Facebook has begun removing some false and misleading ads about HIV prevention drugs after a public outcry.
The tech giant had featured several posts from personal-injury attorneys claiming that the medication, which stops the virus from spreading, was linked to severe bone and kidney problems, reported The Washington Post.
Several studies have shown that the medication, known as pre-exposure prophylaxis (PrEP), is safe and effective.
At first, Facebook refused to disable the ads, saying that they didn’t violate any policies.
But the tech company changed course after activists, health experts and politicians blasted it for potentially putting millions of people’s lives at risk.
Ads from personal-injury attorneys claimed that the medication, often sold as Truvada (pictured), which stops the virus from spreading, was linked to severe bone and kidney problems
In the US, more than 1.1 million people are infected with HIV, the virus that leads to the potentially deadly disease AIDS. Nearly 40,000 new infections are diagnosed every year.

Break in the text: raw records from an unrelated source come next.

lemma card_affine_solutions_eq_card_box_points:
  fixes C :: "nat \<Rightarrow> nat \<Rightarrow> nat \<Rightarrow> 'a::{field,finite}"
  assumes psi: "\<forall>r. bij_betw (psi r) {..<CARD('a)} UNIV"
    and lam: "\<forall>i\<in>{1..s}. \<forall>j\<ge>1. bij_betw (lam i j) UNIV {..<CARD('a)}"
    and fin: "\<forall>i\<in>{1..s}. \<forall>j\<ge>1. finite {r. C i j r \<noteq> 0}"
    and N: "qadic_block CARD('a) m S w N"
    and d: "\<forall>i\<in>{1..s}. d i \<le> m"
  shows "\<exists>a. (\<forall>i\<in>{1..s}. a i < CARD('a) ^ d i) \<and>
    card (affine_solutions C m s d \<beta>) = card (box_points CARD('a) s (trunc_point psi C lam S m) N d a)"
proof -
  define f where "f i j = lam i j (\<beta> i j + trailing_part C psi m w i j)" for i j
  define a where "a i = digits_num CARD('a) (d i) (f i)" for i
  have inv_f: "inv_into UNIV (lam i j) (f i j) - trailing_part C psi m w i j = \<beta> i j"
    and f_less_ij: "f i j < CARD('a)" if "i \<in> {1..s}" "j \<in> {1..d i}" for i j
  proof -
    have lam_ij: "bij_betw (lam i j) UNIV {..<CARD('a)}"
      using lam that by simp
    then show "inv_into UNIV (lam i j) (f i j) - trailing_part C psi m w i j = \<beta> i j"
      unfolding f_def by (simp add: bij_betw_imp_inj_on)
    show "f i j < CARD('a)"
      unfolding f_def using lam_ij bij_betw_apply by fastforce
  qed
  have f_less: "\<forall>i\<in>{1..s}. \<forall>j\<in>{1..d i}. f i j < CARD('a)"
    using f_less_ij by blast
  have digits: "\<forall>i\<in>{1..s}. digits_num CARD('a) (d i) (f i) = a i"
    by (simp add: a_def)
  have a_less: "\<forall>i\<in>{1..s}. a i < CARD('a) ^ d i"
    unfolding a_def using f_less by (simp add: digits_num_less)
  have "card (affine_solutions C m s d \<beta>)
      = card (affine_solutions C m s d (\<lambda>i j. inv_into UNIV (lam i j) (f i j) - trailing_part C psi m w i j))"
    unfolding affine_solutions_def using inv_f by simp
  also have "\<dots> = card (box_points CARD('a) s (trunc_point psi C lam S m) N d a)"
    unfolding box_points_eq_digit_pattern[OF lam d f_less digits]
    by (rule card_digit_pattern_eq_card_affine_solutions[OF psi lam fin N f_less, symmetric])
  finally show ?thesis
    using a_less by blast
qed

Once a person contracts HIV, the virus sets about attacking and destroying immune cells that normally protect the body from infection.
In the last decade, doctors have gained a much improved understanding of how to control HIV.
The rate of deaths from the disease has plummeted since the peak of the AIDS epidemic in the early 1980s.
One way to stop HIV transmission among men who have sex with men, those who inject drugs and heterosexual men and women with an HIV-positive partner.
PrEP users take a pill every day. The pill – sold under the brand name Truvada – contains two medications, which help prevent HIV from establishing permanent infection.
A 2018 study found that around 1.2 million people are eligible for PrEP, but only about 100,000 people were taking the medication.
About three months ago, ads began appearing on Facebook that were purchased by attorneys suing the drug manufacturers, The Washington Post reported.
Their clients claimed they were harmed by PrEP pills, particularly suffering severe bone and kidney damage.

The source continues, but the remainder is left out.